Regarding the early stages of using this task, when she was hoping to just teach the reversed contingencies, Boysen said this about how she thought about the chimpanzees’ performances and struggles:

It was clear from the start of testing with her [the chimpanzee Sarah] that she didn’t seem to “get it,” which we had seen with her on other tasks. I gave it the old college try, however, and ran her through the initial trials, which I think compared something like 2 vs 1 or so. I keep increasing the disparity between the candy arrays in subsequent sessions hoping that the loss of a huge amount of candy when she chose the larger array consistently might shake her up enough to pay attention to what was going on. We even had to watch ourselves so that we didn’t start to brace ourselves and hold on to the apparatus we were using. It had a metal frame and wooden flat surface which we could just push up against the front of Sarah’s home cage and present the two arrays. Sarah was getting so frustrated after each choice that she started to grab and shake the apparatus violently. After we ran the 1 vs 6 trial sessions, I gave up with her.

But at that time, we weren’t sure if it was just Sarah not getting it, or something weird going on with the task. How could the most highly-trained, highly taught chimpanzee in the world at the time NOT understand how her choice was impacting on the rewards she was getting (mostly NOT getting).
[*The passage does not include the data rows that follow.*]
(* Let $u$ be the $C^2$ solution of $$ r\left(1+4u'^2+3u'^4\right) - 2u'\left(1+u'^2\right) + 2r\,u''\left(3u'^2-1\right)=0$$ with $u(0)=u'(0)=0$, defined on its maximal interval $[0,r_M)$. Then $u'(r)>0$ for all $r\in(0,r_M)$ (so $u$ is strictly increasing), and $u$ is convex on $[0,r_M)$; equivalently, the curvature of the profile curve $r\mapsto (r,u(r))$ is positive on its maximal domain and its slope $u'$ increases from $0$ towards $1/\sqrt3$.
   Context: The maximal domain of this solution is a bounded interval $[0,r_M)$ with $\lim_{r\to r_M^-}u'(r)=1/\sqrt3$, and $u''(0)=1/4$. *)

theory Defs
  imports "HOL-Analysis.Analysis"
begin

definition ode_eq :: "real \<Rightarrow> real \<Rightarrow> real \<Rightarrow> bool" where
  "ode_eq r p q \<longleftrightarrow>
     r * (1 + 4 * p^2 + 3 * p^4) - 2 * p * (1 + p^2) + 2 * r * q * (3 * p^2 - 1) = 0"

definition C2_solution ::
  "real \<Rightarrow> (real \<Rightarrow> real) \<Rightarrow> (real \<Rightarrow> real) \<Rightarrow> (real \<Rightarrow> real) \<Rightarrow> bool" where
  "C2_solution R u u1 u2 \<longleftrightarrow>
     (\<forall>r\<in>{0..<R}. (u has_real_derivative u1 r) (at r within {0..<R}))
   \<and> (\<forall>r\<in>{0..<R}. (u1 has_real_derivative u2 r) (at r within {0..<R}))
   \<and> continuous_on {0..<R} u2
   \<and> (\<forall>r\<in>{0..<R}. ode_eq r (u1 r) (u2 r))
   \<and> u 0 = 0 \<and> u1 0 = 0"

end

theory Submission
  imports Defs
begin

text \<open>
  Write p = u', q = u''. The ODE can be rewritten as
  2 r q (3 p^2 - 1) = (1 + p^2)(1 + 3 p^2) gap(r),  where  gap(r) = 2 p / (1 + 3 p^2) - r.
  Letting r tend to 0 in the ODE divided by r gives q(0) = 1/4, so gap'(0) = -1/2. At any later
  zero of gap the identity forces q = 0 or 3 p^2 = 1, and in both cases gap' = -1 there; a function
  vanishing at 0 that can only cross zero downwards stays negative, so gap < 0 on (0, r_M). Then q
  never vanishes on (0, r_M), hence q > 0 by continuity, and u' > 0 and convexity follow by the
  mean value theorem.
\<close>

lemma real_mvt_within:
  fixes f f' :: "real \<Rightarrow> real"
  assumes "connected A" "a \<in> A" "b \<in> A" "a < b"
    and deriv: "\<And>x. x \<in> A \<Longrightarrow> (f has_real_derivative f' x) (at x within A)"
  shows "\<exists>z\<in>{a<..<b}. f b - f a = (b - a) * f' z"
proof -
  have "{a..b} \<subseteq> A"
    using assms(1-3) by (rule connected_contains_Icc)
  then have "(f has_derivative (*) (f' x)) (at x within {a..b})" if "x \<in> {a..b}" for x
    using has_field_derivative_subset[OF deriv] that unfolding has_field_derivative_def by blast
  then have "\<exists>z\<in>{a<..<b}. f b - f a = f' z * (b - a)"
    by (intro mvt_simple[OF \<open>a < b\<close>]) auto
  then show ?thesis by (simp add: mult.commute)
qed

lemma strict_mono_on_realI_within:
  fixes f f' :: "real \<Rightarrow> real"
  assumes "connected A"
    and "\<And>x. x \<in> A \<Longrightarrow> (f has_real_derivative f' x) (at x within A)"
    and "\<And>x. x \<in> A \<Longrightarrow> 0 < f' x"
  shows "strict_mono_on A f"
proof (rule strict_mono_onI)
  fix x y assume xy: "x \<in> A" "y \<in> A" "x < y"
  then obtain z where z: "z \<in> {x<..<y}" "f y - f x = (y - x) * f' z"
    using real_mvt_within[OF assms(1) _ _ _ assms(2)] by blast
  have "z \<in> A"
    using connected_contains_Icc[OF assms(1) xy(1,2)] z(1) by auto
  then have "0 < (y - x) * f' z"
    using assms(3) xy by simp
  with z show "f x < f y" by simp
qed

lemma convex_on_realI_within:
  fixes f f' :: "real \<Rightarrow> real"
  assumes "connected A"
    and deriv: "\<And>x. x \<in> A \<Longrightarrow> (f has_real_derivative f' x) (at x within A)"
    and mono: "\<And>x y. x \<in> A \<Longrightarrow> y \<in> A \<Longrightarrow> x \<le> y \<Longrightarrow> f' x \<le> f' y"
  shows "convex_on A f"
proof (rule convex_on_linorderI)
  show "convex A"
    using \<open>connected A\<close> connected_convex_1 by blast
next
  fix t x y :: real
  assume t: "0 < t" "t < 1" and xy: "x \<in> A" "y \<in> A" "x < y"
  define z where "z = (1 - t) * x + t * y"
  have zx: "z - x = t * (y - x)" and yz: "y - z = (1 - t) * (y - x)"
    by (simp_all add: z_def algebra_simps)
  have "0 < t * (y - x)" "0 < (1 - t) * (y - x)"
    using t xy by simp_all
  then have "x < z" "z < y"
    unfolding zx [symmetric] yz [symmetric] by simp_all
  have ivl: "{x..y} \<subseteq> A"
    using connected_contains_Icc[OF assms(1) xy(1,2)] .
  then have "z \<in> A"
    using \<open>x < z\<close> \<open>z < y\<close> by auto
  obtain \<xi> where \<xi>: "\<xi> \<in> {x<..<z}" "f z - f x = (z - x) * f' \<xi>"
    using real_mvt_within[OF assms(1) xy(1) \<open>z \<in> A\<close> \<open>x < z\<close> deriv] by blast
  obtain \<eta> where \<eta>: "\<eta> \<in> {z<..<y}" "f y - f z = (y - z) * f' \<eta>"
    using real_mvt_within[OF assms(1) \<open>z \<in> A\<close> xy(2) \<open>z < y\<close> deriv] by blast
  have "f' \<xi> \<le> f' \<eta>"
    using \<xi>(1) \<eta>(1) ivl by (intro mono) auto
  then have "(z - x) * (y - z) * f' \<xi> \<le> (z - x) * (y - z) * f' \<eta>"
    using \<open>x < z\<close> \<open>z < y\<close> by (intro mult_left_mono) auto
  then have "(f z - f x) * (1 - t) * (y - x) \<le> (f y - f z) * t * (y - x)"
    using \<xi>(2) \<eta>(2) zx yz by (simp add: mult_ac)
  then have "(f z - f x) * (1 - t) \<le> (f y - f z) * t"
    using xy by simp
  then show "f ((1 - t) *\<^sub>R x + t *\<^sub>R y) \<le> (1 - t) * f x + t * f y"
    by (simp add: z_def algebra_simps)
qed

lemma first_zero_after_negative:
  fixes g :: "real \<Rightarrow> real"
  assumes "p \<le> q" "continuous_on {p..q} g" "g p < 0" "0 \<le> g q"
  shows "\<exists>c\<in>{p<..q}. g c = 0 \<and> (\<forall>y\<in>{p..<c}. g y < 0)"
proof -
  define Z where "Z = {y \<in> {p..q}. g y = 0}"
  have zero_le: "\<exists>z\<in>Z. z \<le> y" if y: "y \<in> {p..q}" "0 \<le> g y" for y
  proof -
    have "continuous_on {p..y} g"
      using continuous_on_subset[OF assms(2)] y(1) by auto
    then obtain z where "p \<le> z" "z \<le> y" "g z = 0"
      using IVT'[of g p 0 y] assms(3) y by auto
    then show ?thesis
      using y(1) by (auto simp: Z_def)
  qed
  have "Z \<noteq> {}"
    using zero_le[of q] assms(1,4) by auto
  moreover have "closed Z"
    unfolding Z_def by (rule continuous_closed_preimage_constant[OF assms(2) closed_atLeastAtMost])
  moreover have "bdd_below Z"
    by (rule bdd_belowI[of _ p]) (auto simp: Z_def)
  ultimately have c: "Inf Z \<in> Z" and c_le: "\<And>z. z \<in> Z \<Longrightarrow> Inf Z \<le> z"
    by (auto intro: closed_contains_Inf cInf_lower)
  have "g y < 0" if "y \<in> {p..<Inf Z}" for y
    using zero_le[of y] c c_le that by (force simp: Z_def)
  moreover have "p \<noteq> Inf Z"
    using c assms(3) by (auto simp: Z_def)
  ultimately show ?thesis
    using c by (auto simp: Z_def)
qed

lemma neg_if_deriv_neg_at_zeros:
  fixes g g' :: "real \<Rightarrow> real"
  assumes deriv: "\<And>x. x \<in> {a..<b} \<Longrightarrow> (g has_real_derivative g' x) (at x within {a..<b})"
    and "g a = 0" "g' a < 0"
    and zeros: "\<And>x. x \<in> {a<..<b} \<Longrightarrow> g x = 0 \<Longrightarrow> g' x < 0"
    and x: "x \<in> {a<..<b}"
  shows "g x < 0"
proof (rule ccontr)
  assume "\<not> g x < 0"
  have "a \<in> {a..<b}"
    using x by auto
  obtain d where d: "0 < d" "\<And>h. 0 < h \<Longrightarrow> a + h \<in> {a..<b} \<Longrightarrow> h < d \<Longrightarrow> g (a + h) < 0"
    using has_real_derivative_neg_dec_right[OF deriv[OF \<open>a \<in> {a..<b}\<close>] \<open>g' a < 0\<close>] \<open>g a = 0\<close>
    by auto
  define h where "h = min d (x - a) / 2"
  have "0 < h" "h < d" "h < x - a"
    using d(1) x by (auto simp: h_def)
  define p where "p = a + h"
  have "a < p" "p < x" "g p < 0"
    using d(2)[of h] \<open>0 < h\<close> \<open>h < d\<close> \<open>h < x - a\<close> x by (auto simp: p_def)
  moreover have "continuous_on {p..x} g"
    by (rule continuous_on_subset[OF DERIV_continuous_on[OF deriv]]) (use \<open>a < p\<close> x in auto)
  ultimately obtain c where c: "c \<in> {p<..x}" "g c = 0" "\<forall>y\<in>{p..<c}. g y < 0"
    using first_zero_after_negative[of p x g] \<open>\<not> g x < 0\<close> by auto
  have "c \<in> {a<..<b}"
    using c(1) \<open>a < p\<close> x by auto
  obtain e where e: "0 < e" "\<And>h. 0 < h \<Longrightarrow> c - h \<in> {a..<b} \<Longrightarrow> h < e \<Longrightarrow> g c < g (c - h)"
    using has_real_derivative_neg_dec_left[OF deriv zeros[OF \<open>c \<in> {a<..<b}\<close> c(2)]]
      \<open>c \<in> {a<..<b}\<close> by auto
  define k where "k = min e (c - p) / 2"
  have "0 < k" "k < e" "k < c - p"
    using e(1) c(1) by (auto simp: k_def)
  then have "c - k \<in> {p..<c}" "0 < g (c - k)"
    using e(2)[of k] c(2) \<open>a < p\<close> \<open>c \<in> {a<..<b}\<close> by auto
  with c(3) show False
    by fastforce
qed

lemma ode_eq_factored:
  "ode_eq r p q \<longleftrightarrow> 2 * r * q * (3 * p^2 - 1) = (1 + p^2) * (2 * p - r * (1 + 3 * p^2))"
  unfolding ode_eq_def by (auto simp: algebra_simps power2_eq_square power4_eq_xxxx)

locale ode_solution =
  fixes R :: real and u u1 u2 :: "real \<Rightarrow> real"
  assumes R_pos: "0 < R" and solution: "C2_solution R u u1 u2"
begin

lemma
  shows u_deriv: "\<And>r. r \<in> {0..<R} \<Longrightarrow> (u has_real_derivative u1 r) (at r within {0..<R})"
    and u1_deriv: "\<And>r. r \<in> {0..<R} \<Longrightarrow> (u1 has_real_derivative u2 r) (at r within {0..<R})"
    and u2_continuous: "continuous_on {0..<R} u2"
    and ode: "\<And>r. r \<in> {0..<R} \<Longrightarrow> ode_eq r (u1 r) (u2 r)"
    and u1_0: "u1 0 = 0"
  using solution unfolding C2_solution_def by auto

lemma u2_0: "u2 0 = 1 / 4"
proof -
  let ?F = "at (0::real) within {0..<R}"
  have "0 \<in> {0..<R}"
    using R_pos by simp
  have "\<not> trivial_limit ?F"
    using R_pos by (simp add: trivial_limit_within)
  have "((\<lambda>r. u1 r / r) \<longlongrightarrow> u2 0) ?F"
    using u1_deriv[OF \<open>0 \<in> {0..<R}\<close>] u1_0 by (simp add: has_field_derivative_iff)
  moreover have "(u1 \<longlongrightarrow> 0) ?F"
    using DERIV_continuous_on[OF u1_deriv] \<open>0 \<in> {0..<R}\<close> u1_0
    unfolding continuous_on_def by fastforce
  moreover have "(u2 \<longlongrightarrow> u2 0) ?F"
    using u2_continuous \<open>0 \<in> {0..<R}\<close> unfolding continuous_on_def by blast
  \<comment> \<open>the ODE divided by r, in which u1 r / r tends to u2 0\<close>
  ultimately have "((\<lambda>r. (1 + (u1 r)^2) * (1 + 3 * (u1 r)^2) - 2 * (u1 r / r) * (1 + (u1 r)^2)
      + 2 * u2 r * (3 * (u1 r)^2 - 1)) \<longlongrightarrow>
      (1 + 0^2) * (1 + 3 * 0^2) - 2 * u2 0 * (1 + 0^2) + 2 * u2 0 * (3 * 0^2 - 1)) ?F"
    (is "(?E \<longlongrightarrow> _) _")
    by (intro tendsto_intros)
  moreover have "\<forall>\<^sub>F r in ?F. ?E r = 0"
    unfolding eventually_at_filter
  proof (intro always_eventually allI impI)
    fix r assume "r \<noteq> 0" "r \<in> {0..<R}"
    then show "?E r = 0"
      using ode[of r] unfolding ode_eq_def by (simp add: field_simps)
  qed
  then have "(?E \<longlongrightarrow> 0) ?F"
    by (simp add: tendsto_eventually)
  ultimately show ?thesis
    using tendsto_unique[OF \<open>\<not> trivial_limit ?F\<close>] by fastforce
qed

definition gap :: "real \<Rightarrow> real" where
  "gap r = 2 * u1 r / (1 + 3 * (u1 r)^2) - r"

lemma denominator_pos: "0 < 1 + 3 * (u1 r)^2"
  by (simp add: add_pos_nonneg)

lemma gap_deriv:
  assumes "r \<in> {0..<R}"
  shows "(gap has_real_derivative 2 * u2 r * (1 - 3 * (u1 r)^2) / (1 + 3 * (u1 r)^2)^2 - 1)
    (at r within {0..<R})"
proof -
  have "((\<lambda>r. 2 * u1 r / (1 + 3 * (u1 r)^2) - r) has_real_derivative
      (2 * u2 r * (1 + 3 * (u1 r)^2) - 2 * u1 r * (3 * (2 * u1 r * u2 r))) / (1 + 3 * (u1 r)^2)^2 - 1)
      (at r within {0..<R})"
    using denominator_pos[of r]
    by (auto intro!: derivative_eq_intros u1_deriv[OF assms] simp: power2_eq_square field_simps)
  then show ?thesis
    unfolding gap_def[abs_def] by (simp add: algebra_simps power2_eq_square)
qed

lemma ode_gap:
  assumes "r \<in> {0..<R}"
  shows "2 * r * u2 r * (3 * (u1 r)^2 - 1) = (1 + (u1 r)^2) * (1 + 3 * (u1 r)^2) * gap r"
proof -
  have "(1 + 3 * (u1 r)^2) * gap r = 2 * u1 r - r * (1 + 3 * (u1 r)^2)"
    unfolding gap_def using denominator_pos[of r] by (simp add: field_simps)
  then show ?thesis
    using ode[OF assms] unfolding ode_eq_factored by (simp add: mult.assoc)
qed

lemma gap_neg:
  assumes "r \<in> {0<..<R}"
  shows "gap r < 0"
proof (rule neg_if_deriv_neg_at_zeros[OF gap_deriv _ _ _ assms])
  show "gap 0 = 0"
    by (simp add: gap_def u1_0)
  show "2 * u2 0 * (1 - 3 * (u1 0)^2) / (1 + 3 * (u1 0)^2)^2 - 1 < 0"
    by (simp add: u1_0 u2_0)
next
  fix x assume x: "x \<in> {0<..<R}" "gap x = 0"
  then have "u2 x = 0 \<or> 3 * (u1 x)^2 - 1 = 0"
    using ode_gap[of x] by auto
  then show "2 * u2 x * (1 - 3 * (u1 x)^2) / (1 + 3 * (u1 x)^2)^2 - 1 < 0"
    by auto
qed

lemma u2_nonzero:
  assumes "r \<in> {0<..<R}"
  shows "u2 r \<noteq> 0"
proof
  assume "u2 r = 0"
  then have "(1 + (u1 r)^2) * (1 + 3 * (u1 r)^2) * gap r = 0"
    using ode_gap[of r] assms by simp
  moreover have "0 < (1 + (u1 r)^2) * (1 + 3 * (u1 r)^2)"
    using denominator_pos[of r] by (simp add: add_pos_nonneg)
  ultimately have "gap r = 0"
    by (metis less_irrefl mult_eq_0_iff)
  with gap_neg[OF assms] show False
    by simp
qed

lemma u2_pos:
  assumes "r \<in> {0..<R}"
  shows "0 < u2 r"
proof (rule ccontr)
  assume "\<not> 0 < u2 r"
  moreover have "continuous_on {0..r} u2"
    by (rule continuous_on_subset[OF u2_continuous]) (use assms in auto)
  ultimately obtain s where "0 \<le> s" "s \<le> r" "u2 s = 0"
    using IVT2'[of u2 r 0 0] assms u2_0 by auto
  then show False
    using u2_nonzero[of s] u2_0 assms by (cases "s = 0") auto
qed

lemma u1_strict_mono: "strict_mono_on {0..<R} u1"
  by (rule strict_mono_on_realI_within[OF _ u1_deriv u2_pos]) simp_all

lemma u1_pos:
  assumes "r \<in> {0<..<R}"
  shows "0 < u1 r"
  using strict_mono_onD[OF u1_strict_mono, of 0 r] assms u1_0 by auto

lemma u_convex: "convex_on {0..<R} u"
  using convex_on_realI_within[OF _ u_deriv] u1_strict_mono
  by (simp add: strict_mono_on_leD)

end

theorem mainTheorem3:
  fixes u u1 u2 :: "real \<Rightarrow> real" and rM :: real
  assumes "0 < rM"
    and "C2_solution rM u u1 u2"
    and maximal: "\<not> (\<exists>R v v1 v2. R > rM \<and> C2_solution R v v1 v2 \<and> (\<forall>r\<in>{0..<rM}. v r = u r))"
  shows "(\<forall>r\<in>{0<..<rM}. u1 r > 0) \<and> convex_on {0..<rM} u
         \<and> (\<forall>r\<in>{0..<rM}. u2 r > 0)"
proof -
  interpret ode_solution rM u u1 u2
    using assms(1,2) by unfold_locales
  show ?thesis
    using u1_pos u_convex u2_pos by blast
qed

end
Moreover, how come she could not LEARN how to get the most for her decision? She would make the same choice, over and over, and pound/shake the metal frame of the apparatus, grimace, and whine, and then 10 seconds later, make the same WRONG choice, trial after trial (I think we did 6–8 trials per session, for 2 sessions, and then changed the disparity (1 vs 2, 1 vs 4, 1 vs 6), and still NOTHING made a difference. When we finished with Sarah, I remembered something that I think is attributed to Skinner, “If you find something interesting, drop everything else and study that.” So, that’s what I did, and we immediately ran Sheba on the task—with exactly the same findings. After Sheba, I now knew that it wasn’t just a quirk of Sarah, but all our chimps were not “getting it.” Since the chimps had been using numbers for some time, I immediately thought we could “subtract” the features of the candy arrays, and see if they could learn the task using numerals. Imagine my surprise when I discovered that they didn’t have to “learn” the task at all—they just needed a cognitive conduit for expressing the optimal choice. (Beran, 2018)

It is important to note that not all efforts to use the reverse-reward task led to high levels of failure. Research with all of the great apes (chimpanzees, bonobos, gorillas, and orangutans) now has included reports of variable levels of success even without need of modification of the original task (e.g., Uher & Call, 2008; Vlamings et al., 2006). So, I think there is still a lot to be done with this task, and it has a lot of value in providing a measure of inhibitory control, decision-making, and self-control in other species, using methods that would be easy to adapt for many types of animals. Historically, it is a fascinating task because it was the assumed training phase for more complicated tests of numerical cognition in chimpanzees, and yet the results opened up new avenues for research into animal minds that steered away from the numerical focus and instead gave us a way to examine how animals deal with complicated contingencies for their actions.